Because anakinra had a dramatic effect in our patient and no effect in the patients described by Hawkins and colleagues, we can hypothesize that IL-1 plays a role in the pathophysiology of the deafness in some, but not all, patients with MWS. As other investigators have already reported, the severity of MWS and CAPS may be influenced by the CIAS1 mutation (11, 12), and we can also suggest that response to anakinra may be variable according to capture of the mutation. Followup of MWS with repeat audiograms and perhaps imaging, before and after treatment with anakinra, could increase our knowledge of the pathophysiology of MWS-related deafness. Neither functional studies nor ear imaging was performed in our patient, and we have not found reports of such studies in the literature.
The third part of our discussion concerns the biologic aspect. A dramatic response of MWS to anakinra has already been described (10, 11). Such a response favors the central role of IL-1 in the pathogenesis of this syndrome. In the study by Hawkins et al (11), the CRP level normalized very quickly (<1 week) after the start of anakinra therapy. In our patient, the CRP level reached near-normal values only after 2 months. There is no obvious explanation for this. We suggest that the response to anakinra can be different in some patients according to the different genetic mutations, as mentioned above. This must be confirmed in further studies.

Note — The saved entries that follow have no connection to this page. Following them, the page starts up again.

text \<open>Its adjoint theta = (a | b) : L \<otimes>_K V \<cong> L \<oplus> L_j \<rightarrow> L\<close>
definition thetaL :: "nat \<Rightarrow> 'k::field poly \<times> 'k poly \<Rightarrow> 'k poly \<times> 'k poly \<Rightarrow> 'k poly" where
  "thetaL m ab z = trunc (2*m) (fst ab * fst z + snd ab * snd z)"

text \<open>1 \<otimes> phi on L \<otimes>_K V \<cong> L \<oplus> L_j, determined by phi(1,0) = (p,r) and phi(0,1) = (q,s)\<close>
definition tensor_id :: "nat \<Rightarrow> nat \<Rightarrow> ('k::field poly \<times> 'k poly \<Rightarrow> 'k poly \<times> 'k poly)
    \<Rightarrow> 'k poly \<times> 'k poly \<Rightarrow> 'k poly \<times> 'k poly" where
  "tensor_id m j \<phi> z =
    (let e1 = \<phi> (trunc (2*m) 1, 0); e2 = \<phi> (0, trunc (2*j) 1) in
      (trunc (2*m) (fst z * fst e1 + snd z * fst e2),
       trunc (2*j) (fst z * snd e1 + snd z * snd e2)))"

definition equivalent :: "nat \<Rightarrow> nat \<Rightarrow> 'k::field poly \<times> 'k poly \<Rightarrow> 'k poly \<times> 'k poly \<Rightarrow> bool" where
  "equivalent m j \<theta> \<theta>' \<longleftrightarrow>
     (\<exists>\<phi>\<in>AutV m j. \<forall>z\<in>Lset (2*m) \<times> Lset (2*j).
        thetaL m \<theta>' z = thetaL m \<theta> (tensor_id m j \<phi> z))"

definition Gam :: "nat \<Rightarrow> nat \<Rightarrow> 'k::field poly set" where
  "Gam m j = Kset (2*(m-j))"

definition vartheta :: "nat \<Rightarrow> nat \<Rightarrow> 'k::field poly \<Rightarrow> 'k poly \<times> 'k poly" where
  "vartheta m j \<gamma> = (trunc (2*m) (1 + eps * \<gamma>), trunc (2*m) (eps ^ (2*(m-j)+1)))"

end

theory Submission
  imports Defs "HOL-Number_Theory.Cong"
begin

text \<open>
  Write \<theta> = (a | b) and split a = \<alpha> + \<epsilon>\<beta>, b = \<epsilon>^(2(m-j)) (\<mu> + \<epsilon>\<nu>) into even and odd
  parts; the factor \<epsilon>^(2(m-j)) of b comes from \<epsilon>^(2j) b = 0. Surjectivity of \<theta> makes \<alpha> a unit,
  so \<gamma> \<equiv> \<beta>/\<alpha> modulo \<epsilon>^(2(m-j)) gives a = (1 + \<epsilon>\<gamma>) \<alpha> + \<epsilon>^(2(m-j)+1) r and
  b = (1 + \<epsilon>\<gamma>) q + \<epsilon>^(2(m-j)+1) s with \<alpha>, q, r, s \<in> K. Thus \<theta> = \<vartheta>_\<gamma> A for a 2\<times>2 matrix A
  over K, whose determinant is \<alpha>\<nu> - \<beta>\<mu> if j > 0 (and \<alpha> modulo \<sigma> if j = 0). Injectivity of
  \<theta> on the socle \<sigma>^(m-1) K \<oplus> \<sigma>^(j-1) K_j makes this determinant a unit, so A is an
  automorphism of V.
  For uniqueness, evaluate \<vartheta>_\<gamma>' = \<vartheta>_\<gamma> \<circ> (1 \<otimes> \<phi>) at (1, 0): with \<phi>(1, 0) = (P, R) this reads
  1 + \<epsilon>\<gamma>' = (1 + \<epsilon>\<gamma>) P + \<epsilon>^(2(m-j)+1) R, whose even part forces P \<equiv> 1 and whose odd part
  then gives \<gamma>' \<equiv> \<gamma> modulo \<epsilon>^(2(m-j)).
\<close>

section \<open>Truncation and congruences modulo powers of the variable\<close>

lemma coeff_trunc: "coeff (trunc n p) i = (if i < n then coeff p i else 0)"
  unfolding trunc_def by (simp add: coeff_sum coeff_monom)

lemma trunc_in_Lset: "trunc n p \<in> Lset n"
  by (simp add: Lset_def coeff_trunc)

lemma trunc_eq_self: "p \<in> Lset n \<Longrightarrow> trunc n p = p"
  by (simp add: Lset_def coeff_trunc poly_eq_iff)

lemma trunc_0: "trunc 0 p = 0"
  by (simp add: trunc_def)

lemma trunc_add: "trunc n (p + q) = trunc n p + trunc n q"
  by (simp add: poly_eq_iff coeff_trunc)

lemma trunc_one: "n \<ge> 1 \<Longrightarrow> trunc n 1 = 1"
  by (simp add: poly_eq_iff coeff_trunc coeff_1)

lemma cong_monom_1_iff:
  "[p = q] (mod monom 1 n) \<longleftrightarrow> (\<forall>i<n. coeff p i = coeff (q::'k::field poly) i)"
  by (simp add: cong_iff_dvd_diff monom_1_dvd_iff')

lemma trunc_eq_0_iff: "trunc n p = 0 \<longleftrightarrow> monom 1 n dvd (p::'k::field poly)"
  by (auto simp: poly_eq_iff coeff_trunc monom_1_dvd_iff')

lemma cong_trunc: "[trunc n p = p] (mod monom 1 n)"
  by (simp add: cong_monom_1_iff coeff_trunc)

lemma trunc_eq_iff_cong: "trunc n p = trunc n q \<longleftrightarrow> [p = q] (mod monom 1 n)"
  by (auto simp add: cong_monom_1_iff coeff_trunc poly_eq_iff)

lemma Lset_cong_imp_eq: "p \<in> Lset n \<Longrightarrow> q \<in> Lset n \<Longrightarrow> [p = q] (mod monom 1 n) \<Longrightarrow> p = q"
  by (metis trunc_eq_iff_cong trunc_eq_self)

lemma monom_1_dvd_monom_1: "a \<le> b \<Longrightarrow> monom 1 a dvd (monom 1 b :: 'k::field poly)"
  by (simp add: monom_1_dvd_iff' coeff_monom)

lemma monom_1_mult_poly_shift: "monom 1 k dvd u \<Longrightarrow> monom 1 k * poly_shift k u = u"
  by (auto simp add: monom_1_dvd_iff' poly_eq_iff coeff_monom_mult coeff_poly_shift)

lemma cong_monom_1_mono:
  fixes u v :: "'k::field poly"
  shows "a \<le> b \<Longrightarrow> [u = v] (mod monom 1 b) \<Longrightarrow> [u = v] (mod monom 1 a)"
  by (metis cong_dvd_modulus monom_1_dvd_monom_1)

lemma cong_mult_absorb:
  fixes u v x :: "'a::unique_euclidean_ring"
  assumes "M dvd J * x" "[u = v] (mod J)"
  shows "[u * x = v * x] (mod M)"
proof -
  from assms(2) obtain h where h: "u - v = J * h"
    by (auto simp: cong_iff_dvd_diff elim: dvdE)
  have "u * x - v * x = (u - v) * x"
    by (simp add: left_diff_distrib)
  also have "\<dots> = (J * x) * h"
    by (simp add: h ac_simps)
  finally show ?thesis
    using assms(1) by (simp add: cong_iff_dvd_diff)
qed

section \<open>Even polynomials\<close>

definition even_poly :: "'k::field poly \<Rightarrow> bool" where
  "even_poly p \<longleftrightarrow> (\<forall>i. odd i \<longrightarrow> coeff p i = 0)"

lemma Kset_iff: "p \<in> Kset n \<longleftrightarrow> p \<in> Lset n \<and> even_poly p"
  by (simp add: Kset_def even_poly_def)

lemma Vset_iff:
  "v \<in> Vset m j \<longleftrightarrow>
     fst v \<in> Lset (2*m) \<and> even_poly (fst v) \<and> snd v \<in> Lset (2*j) \<and> even_poly (snd v)"
  by (cases v) (auto simp: Vset_def Kset_iff)

lemma even_poly_mult: "even_poly p \<Longrightarrow> even_poly q \<Longrightarrow> even_poly (p * q)"
  unfolding even_poly_def coeff_mult
proof (intro allI impI sum.neutral ballI)
  fix k i :: nat
  assume p: "\<forall>i. odd i \<longrightarrow> coeff p i = 0" and q: "\<forall>i. odd i \<longrightarrow> coeff q i = 0"
    and "odd k" "i \<in> {..k}"
  then have "odd i \<or> odd (k - i)" by auto
  with p q show "coeff p i * coeff q (k - i) = 0" by (metis mult_eq_0_iff)
qed

lemma even_poly_add: "even_poly p \<Longrightarrow> even_poly q \<Longrightarrow> even_poly (p + q)"
  by (simp add: even_poly_def)

lemma even_poly_diff: "even_poly p \<Longrightarrow> even_poly q \<Longrightarrow> even_poly (p - q)"
  by (simp add: even_poly_def)

lemma even_poly_minus: "even_poly p \<Longrightarrow> even_poly (- p)"
  by (simp add: even_poly_def)

lemma even_poly_0 [simp]: "even_poly 0"
  by (simp add: even_poly_def)

lemma even_poly_monom: "even k \<Longrightarrow> even_poly (monom c k)"
  by (auto simp add: even_poly_def coeff_monom)

lemma even_poly_const: "even_poly [:c:]"
  by (metis even_poly_monom monom_0 even_zero)

lemma even_poly_1 [simp]: "even_poly 1"
  using even_poly_const[of 1] by (simp add: one_pCons)

lemma even_poly_trunc: "even_poly p \<Longrightarrow> even_poly (trunc n p)"
  by (simp add: even_poly_def coeff_trunc)

lemma even_poly_poly_shift: "even_poly u \<Longrightarrow> even k \<Longrightarrow> even_poly (poly_shift k u)"
  by (simp add: even_poly_def coeff_poly_shift)

definition even_part :: "'k::field poly \<Rightarrow> 'k poly" where
  "even_part p = Abs_poly (\<lambda>i. if even i then coeff p i else 0)"

definition odd_part :: "'k::field poly \<Rightarrow> 'k poly" where
  "odd_part p = even_part (poly_shift 1 p)"

lemma coeff_even_part: "coeff (even_part p) i = (if even i then coeff p i else 0)"
proof -
  have "\<forall>\<^sub>\<infinity>k. (if even k then coeff p k else 0) = 0"
    using MOST_coeff_eq_0[of p] by (rule MOST_mono) simp
  then show ?thesis
    by (simp add: even_part_def poly.Abs_poly_inverse)
qed

lemma even_poly_even_part: "even_poly (even_part p)"
  by (simp add: even_poly_def coeff_even_part)

lemma even_poly_odd_part: "even_poly (odd_part p)"
  by (simp add: odd_part_def even_poly_even_part)

lemma even_odd_decomp: "p = even_part p + monom 1 1 * odd_part p"
  by (auto simp add: poly_eq_iff coeff_even_part odd_part_def coeff_monom_mult coeff_poly_shift)

lemma cong_even_odd_iff:
  fixes u v u' v' :: "'k::field poly"
  assumes "even_poly u" "even_poly v" "even_poly u'" "even_poly v'"
  shows "[u + monom 1 1 * v = u' + monom 1 1 * v'] (mod monom 1 (2*k))
    \<longleftrightarrow> [u = u'] (mod monom 1 (2*k)) \<and> [v = v'] (mod monom 1 (2*k))"
proof -
  have coeff_split: "coeff (x + monom 1 1 * y) i = (if even i then coeff x i else coeff y (i - 1))"
    if "even_poly x" "even_poly y" for x y :: "'k poly" and i
    using that by (cases i) (auto simp: even_poly_def coeff_monom_mult)
  show ?thesis
  proof
    assume "[u + monom 1 1 * v = u' + monom 1 1 * v'] (mod monom 1 (2*k))"
    then have C: "coeff (u + monom 1 1 * v) i = coeff (u' + monom 1 1 * v') i" if "i < 2*k" for i
      using that by (simp add: cong_monom_1_iff)
    have "coeff u i = coeff u' i" if "i < 2*k" for i
      using C[OF that] assms coeff_split by (cases "even i") (auto simp: even_poly_def)
    moreover have "coeff v i = coeff v' i" if "i < 2*k" for i
    proof (cases "even i")
      case True
      then have "Suc i < 2*k" using that by presburger
      then show ?thesis using C[of "Suc i"] assms True coeff_split by auto
    next
      case False
      then show ?thesis using assms by (simp add: even_poly_def)
    qed
    ultimately show "[u = u'] (mod monom 1 (2*k)) \<and> [v = v'] (mod monom 1 (2*k))"
      by (simp add: cong_monom_1_iff)
  qed (intro cong_add cong_scalar_left; simp)
qed

lemma even_poly_inverse_mod:
  fixes f :: "'k::field poly"
  assumes "even_poly f" "coeff f 0 \<noteq> 0"
  shows "\<exists>g. even_poly g \<and> [f * g = 1] (mod monom 1 n)"
proof (induction n)
  case 0
  show ?case by (intro exI[of _ 0]) simp
next
  case (Suc n)
  show ?case
  proof (cases n)
    case 0
    have "[f * [:inverse (coeff f 0):] = 1] (mod monom 1 1)"
      using assms by (simp add: cong_monom_1_iff coeff_mult_0)
    then show ?thesis using 0 even_poly_const by (metis One_nat_def)
  next
    case (Suc n')
    from Suc.IH obtain g where g: "even_poly g" "[f * g = 1] (mod monom 1 n)" by blast
    then obtain h where h: "f * g - 1 = monom 1 n * h"
      by (auto simp: cong_iff_dvd_diff elim: dvdE)
    \<comment> \<open>Newton step \<open>g \<mapsto> g (2 - f g)\<close> squares the error \<open>f g - 1\<close>.\<close>
    have "f * (g * (2 - f * g)) - 1 = - ((f * g - 1) * (f * g - 1))" by algebra
    also have "\<dots> = monom 1 (n + n) * (- h * h)"
    proof -
      have "monom 1 (n + n) = monom 1 n * (monom 1 n :: 'k poly)" by (simp add: mult_monom)
      then show ?thesis by (simp only: h) (simp add: algebra_simps)
    qed
    finally have "monom 1 (n + n) dvd f * (g * (2 - f * g)) - 1"
      by simp
    moreover have "monom 1 (Suc n) dvd (monom 1 (n + n) :: 'k poly)"
      using Suc by (intro monom_1_dvd_monom_1) simp
    ultimately have "monom 1 (Suc n) dvd f * (g * (2 - f * g)) - 1"
      by (rule dvd_trans[rotated])
    moreover have "even_poly (g * (2 - f * g))"
      using g assms even_poly_add[OF even_poly_1 even_poly_1]
      by (intro even_poly_mult even_poly_diff) (auto simp: one_add_one)
    ultimately show ?thesis by (auto simp: cong_iff_dvd_diff)
  qed
qed

section \<open>Automorphisms of \<open>V\<close> given by matrices\<close>

text \<open>\<open>matrix_map m j p q r s\<close> sends (1, 0) \<mapsto> (p, r) and (0, 1) \<mapsto> (q, s). It is well defined on
  the summand K_j only if \<sigma>^j q = 0 in K, which is the recurring hypothesis
  \<open>monom 1 (2*m) dvd monom 1 (2*j) * q\<close>.\<close>

definition matrix_map :: "nat \<Rightarrow> nat \<Rightarrow> 'k::field poly \<Rightarrow> 'k poly \<Rightarrow> 'k poly \<Rightarrow> 'k poly
    \<Rightarrow> 'k poly \<times> 'k poly \<Rightarrow> 'k poly \<times> 'k poly" where
  "matrix_map m j p q r s v =
     (trunc (2*m) (fst v * p + snd v * q), trunc (2*j) (fst v * r + snd v * s))"

lemma matrix_map_Vset:
  assumes "even_poly p" "even_poly q" "even_poly r" "even_poly s" "v \<in> Vset m j"
  shows "matrix_map m j p q r s v \<in> Vset m j"
  using assms
  by (simp add: Vset_iff matrix_map_def trunc_in_Lset even_poly_trunc even_poly_add even_poly_mult)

Finally, it is remarkable that anakinra was well tolerated (i.e., no side effects or severe infections were observed) within 18 months of treatment. As for other biologic therapies, data on long-term tolerance are missing. However, the risks associated with long-term therapy must counterbalance the tremendous improvement in the quality of life and perhaps the long-term risk of AA amyloidosis.
In conclusion, anakinra seems to be the most efficacious treatment of MWS, not only for the biologic inflammatory syndrome, but also for the clinical symptoms. However, further studies are required to confirm these promising results, to evaluate long-term tolerance to anakinra and the effect of treatment on the incidence of AA amyloidosis, and to understand the pathophysiology of the deafness.